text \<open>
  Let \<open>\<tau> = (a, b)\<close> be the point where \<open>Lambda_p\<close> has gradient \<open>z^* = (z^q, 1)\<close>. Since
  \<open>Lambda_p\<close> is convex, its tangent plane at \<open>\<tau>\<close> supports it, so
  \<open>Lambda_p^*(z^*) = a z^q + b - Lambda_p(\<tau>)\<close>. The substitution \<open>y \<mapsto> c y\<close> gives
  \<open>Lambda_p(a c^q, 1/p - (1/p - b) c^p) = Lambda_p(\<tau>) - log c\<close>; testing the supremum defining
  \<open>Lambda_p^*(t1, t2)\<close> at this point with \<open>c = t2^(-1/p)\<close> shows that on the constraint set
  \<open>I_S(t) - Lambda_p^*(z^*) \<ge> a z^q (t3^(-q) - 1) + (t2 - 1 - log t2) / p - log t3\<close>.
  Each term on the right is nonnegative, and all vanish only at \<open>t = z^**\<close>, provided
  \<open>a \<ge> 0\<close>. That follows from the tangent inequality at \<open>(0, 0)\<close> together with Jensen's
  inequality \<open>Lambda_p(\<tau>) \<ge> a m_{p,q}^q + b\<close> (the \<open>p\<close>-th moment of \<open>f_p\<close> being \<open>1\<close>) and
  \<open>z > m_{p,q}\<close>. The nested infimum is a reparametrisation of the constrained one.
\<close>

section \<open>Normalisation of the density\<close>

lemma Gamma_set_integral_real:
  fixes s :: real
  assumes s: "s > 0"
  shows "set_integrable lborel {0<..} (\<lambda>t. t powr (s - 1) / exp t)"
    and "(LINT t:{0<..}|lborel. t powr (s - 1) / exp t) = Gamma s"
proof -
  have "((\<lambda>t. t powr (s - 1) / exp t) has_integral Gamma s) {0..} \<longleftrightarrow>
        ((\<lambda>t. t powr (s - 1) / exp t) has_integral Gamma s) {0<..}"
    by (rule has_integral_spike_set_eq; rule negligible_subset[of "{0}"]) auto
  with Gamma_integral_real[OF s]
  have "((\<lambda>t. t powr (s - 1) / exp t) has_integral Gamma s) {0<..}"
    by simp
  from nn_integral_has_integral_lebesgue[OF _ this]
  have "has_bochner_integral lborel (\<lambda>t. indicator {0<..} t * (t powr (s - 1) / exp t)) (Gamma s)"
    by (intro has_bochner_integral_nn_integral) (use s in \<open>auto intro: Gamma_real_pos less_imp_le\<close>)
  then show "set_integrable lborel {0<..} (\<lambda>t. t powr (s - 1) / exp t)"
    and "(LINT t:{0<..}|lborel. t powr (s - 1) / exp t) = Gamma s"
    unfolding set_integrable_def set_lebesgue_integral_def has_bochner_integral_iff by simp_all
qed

━━━━━━

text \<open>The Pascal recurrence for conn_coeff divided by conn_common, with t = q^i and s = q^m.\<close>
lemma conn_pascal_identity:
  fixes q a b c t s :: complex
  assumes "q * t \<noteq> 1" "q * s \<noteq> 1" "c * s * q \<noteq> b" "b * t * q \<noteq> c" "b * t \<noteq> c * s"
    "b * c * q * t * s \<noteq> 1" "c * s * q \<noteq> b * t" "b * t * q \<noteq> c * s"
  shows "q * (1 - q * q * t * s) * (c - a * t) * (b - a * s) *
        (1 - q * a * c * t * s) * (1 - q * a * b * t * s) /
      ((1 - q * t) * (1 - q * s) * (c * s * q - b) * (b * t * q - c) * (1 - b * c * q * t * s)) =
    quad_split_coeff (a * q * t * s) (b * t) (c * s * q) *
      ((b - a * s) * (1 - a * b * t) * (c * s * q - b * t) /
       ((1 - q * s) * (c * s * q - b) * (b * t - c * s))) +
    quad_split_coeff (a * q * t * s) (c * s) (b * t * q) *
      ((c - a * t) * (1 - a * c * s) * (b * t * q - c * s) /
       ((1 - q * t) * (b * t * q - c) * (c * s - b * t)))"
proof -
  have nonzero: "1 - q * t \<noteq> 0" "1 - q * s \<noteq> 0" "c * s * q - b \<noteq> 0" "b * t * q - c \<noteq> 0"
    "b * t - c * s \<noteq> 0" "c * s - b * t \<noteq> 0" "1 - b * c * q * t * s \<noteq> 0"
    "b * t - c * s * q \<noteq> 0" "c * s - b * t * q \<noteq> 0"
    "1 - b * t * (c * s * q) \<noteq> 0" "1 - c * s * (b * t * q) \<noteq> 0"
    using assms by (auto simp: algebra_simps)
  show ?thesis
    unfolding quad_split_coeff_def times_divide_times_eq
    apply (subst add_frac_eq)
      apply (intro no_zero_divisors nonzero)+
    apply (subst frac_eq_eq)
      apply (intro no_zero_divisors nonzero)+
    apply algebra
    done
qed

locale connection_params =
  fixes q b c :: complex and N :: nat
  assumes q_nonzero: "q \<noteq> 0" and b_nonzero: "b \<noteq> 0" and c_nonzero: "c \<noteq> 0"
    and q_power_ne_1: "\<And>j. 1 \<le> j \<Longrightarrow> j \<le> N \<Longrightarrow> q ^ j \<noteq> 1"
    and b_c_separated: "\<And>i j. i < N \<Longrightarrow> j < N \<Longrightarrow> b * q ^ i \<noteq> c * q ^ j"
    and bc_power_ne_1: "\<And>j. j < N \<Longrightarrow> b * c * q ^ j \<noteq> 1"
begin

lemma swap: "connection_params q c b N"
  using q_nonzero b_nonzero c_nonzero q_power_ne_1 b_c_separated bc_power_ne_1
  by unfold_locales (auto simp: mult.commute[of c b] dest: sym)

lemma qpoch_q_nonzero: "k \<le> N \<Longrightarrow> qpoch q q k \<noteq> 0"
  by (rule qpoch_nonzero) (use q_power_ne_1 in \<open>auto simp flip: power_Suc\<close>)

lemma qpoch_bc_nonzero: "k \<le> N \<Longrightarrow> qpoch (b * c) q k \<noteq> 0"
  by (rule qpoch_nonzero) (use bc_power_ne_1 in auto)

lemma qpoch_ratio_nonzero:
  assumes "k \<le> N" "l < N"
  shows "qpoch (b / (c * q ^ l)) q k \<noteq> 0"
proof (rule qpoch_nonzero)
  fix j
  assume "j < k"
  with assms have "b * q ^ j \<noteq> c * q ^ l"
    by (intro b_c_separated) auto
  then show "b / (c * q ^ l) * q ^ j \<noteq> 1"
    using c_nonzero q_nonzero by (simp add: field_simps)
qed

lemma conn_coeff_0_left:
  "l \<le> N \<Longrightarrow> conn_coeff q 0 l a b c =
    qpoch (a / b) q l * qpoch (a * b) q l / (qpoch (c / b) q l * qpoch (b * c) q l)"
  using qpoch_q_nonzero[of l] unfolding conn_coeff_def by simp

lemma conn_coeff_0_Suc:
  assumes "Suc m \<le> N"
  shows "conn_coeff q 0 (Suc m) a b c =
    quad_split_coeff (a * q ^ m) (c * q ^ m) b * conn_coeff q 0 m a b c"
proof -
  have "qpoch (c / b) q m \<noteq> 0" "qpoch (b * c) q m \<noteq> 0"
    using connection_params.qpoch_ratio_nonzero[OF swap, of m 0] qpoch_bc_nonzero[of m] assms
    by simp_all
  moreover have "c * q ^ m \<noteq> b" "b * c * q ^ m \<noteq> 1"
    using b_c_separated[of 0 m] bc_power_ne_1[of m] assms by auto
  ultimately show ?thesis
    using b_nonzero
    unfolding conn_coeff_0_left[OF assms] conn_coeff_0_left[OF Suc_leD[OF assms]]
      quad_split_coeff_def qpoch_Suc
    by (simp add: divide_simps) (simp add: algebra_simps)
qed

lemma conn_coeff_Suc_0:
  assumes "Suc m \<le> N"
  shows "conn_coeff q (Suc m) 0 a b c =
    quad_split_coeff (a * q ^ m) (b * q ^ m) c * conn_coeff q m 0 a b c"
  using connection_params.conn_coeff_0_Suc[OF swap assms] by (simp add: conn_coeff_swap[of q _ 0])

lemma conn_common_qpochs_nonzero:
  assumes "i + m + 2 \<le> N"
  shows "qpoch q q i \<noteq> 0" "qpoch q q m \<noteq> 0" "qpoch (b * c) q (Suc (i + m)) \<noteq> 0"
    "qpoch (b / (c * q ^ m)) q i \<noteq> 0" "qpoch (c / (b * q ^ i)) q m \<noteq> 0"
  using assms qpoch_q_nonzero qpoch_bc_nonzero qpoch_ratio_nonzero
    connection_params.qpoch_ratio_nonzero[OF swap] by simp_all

━━━━━━

> [Try it]: Given the records above, reproduce precisely and only the lines between the line holding "N \<Longrightarrow> qpoch (b" and the line holding "q q i \<noteq>", inclusive.

> [Response to this exercise]:
lemma qpoch_bc_nonzero: "k \<le> N \<Longrightarrow> qpoch (b * c) q k \<noteq> 0"
  by (rule qpoch_nonzero) (use bc_power_ne_1 in auto)

lemma qpoch_ratio_nonzero:
  assumes "k \<le> N" "l < N"
  shows "qpoch (b / (c * q ^ l)) q k \<noteq> 0"
proof (rule qpoch_nonzero)
  fix j
  assume "j < k"
  with assms have "b * q ^ j \<noteq> c * q ^ l"
    by (intro b_c_separated) auto
  then show "b / (c * q ^ l) * q ^ j \<noteq> 1"
    using c_nonzero q_nonzero by (simp add: field_simps)
qed

lemma conn_coeff_0_left:
  "l \<le> N \<Longrightarrow> conn_coeff q 0 l a b c =
    qpoch (a / b) q l * qpoch (a * b) q l / (qpoch (c / b) q l * qpoch (b * c) q l)"
  using qpoch_q_nonzero[of l] unfolding conn_coeff_def by simp

lemma conn_coeff_0_Suc:
  assumes "Suc m \<le> N"
  shows "conn_coeff q 0 (Suc m) a b c =
    quad_split_coeff (a * q ^ m) (c * q ^ m) b * conn_coeff q 0 m a b c"
proof -
  have "qpoch (c / b) q m \<noteq> 0" "qpoch (b * c) q m \<noteq> 0"
    using connection_params.qpoch_ratio_nonzero[OF swap, of m 0] qpoch_bc_nonzero[of m] assms
    by simp_all
  moreover have "c * q ^ m \<noteq> b" "b * c * q ^ m \<noteq> 1"
    using b_c_separated[of 0 m] bc_power_ne_1[of m] assms by auto
  ultimately show ?thesis
    using b_nonzero
    unfolding conn_coeff_0_left[OF assms] conn_coeff_0_left[OF Suc_leD[OF assms]]
      quad_split_coeff_def qpoch_Suc
    by (simp add: divide_simps) (simp add: algebra_simps)
qed

lemma conn_coeff_Suc_0:
  assumes "Suc m \<le> N"
  shows "conn_coeff q (Suc m) 0 a b c =
    quad_split_coeff (a * q ^ m) (b * q ^ m) c * conn_coeff q m 0 a b c"
  using connection_params.conn_coeff_0_Suc[OF swap assms] by (simp add: conn_coeff_swap[of q _ 0])

lemma conn_common_qpochs_nonzero:
  assumes "i + m + 2 \<le> N"
  shows "qpoch q q i \<noteq> 0" "qpoch q q m \<noteq> 0" "qpoch (b * c) q (Suc (i + m)) \<noteq> 0"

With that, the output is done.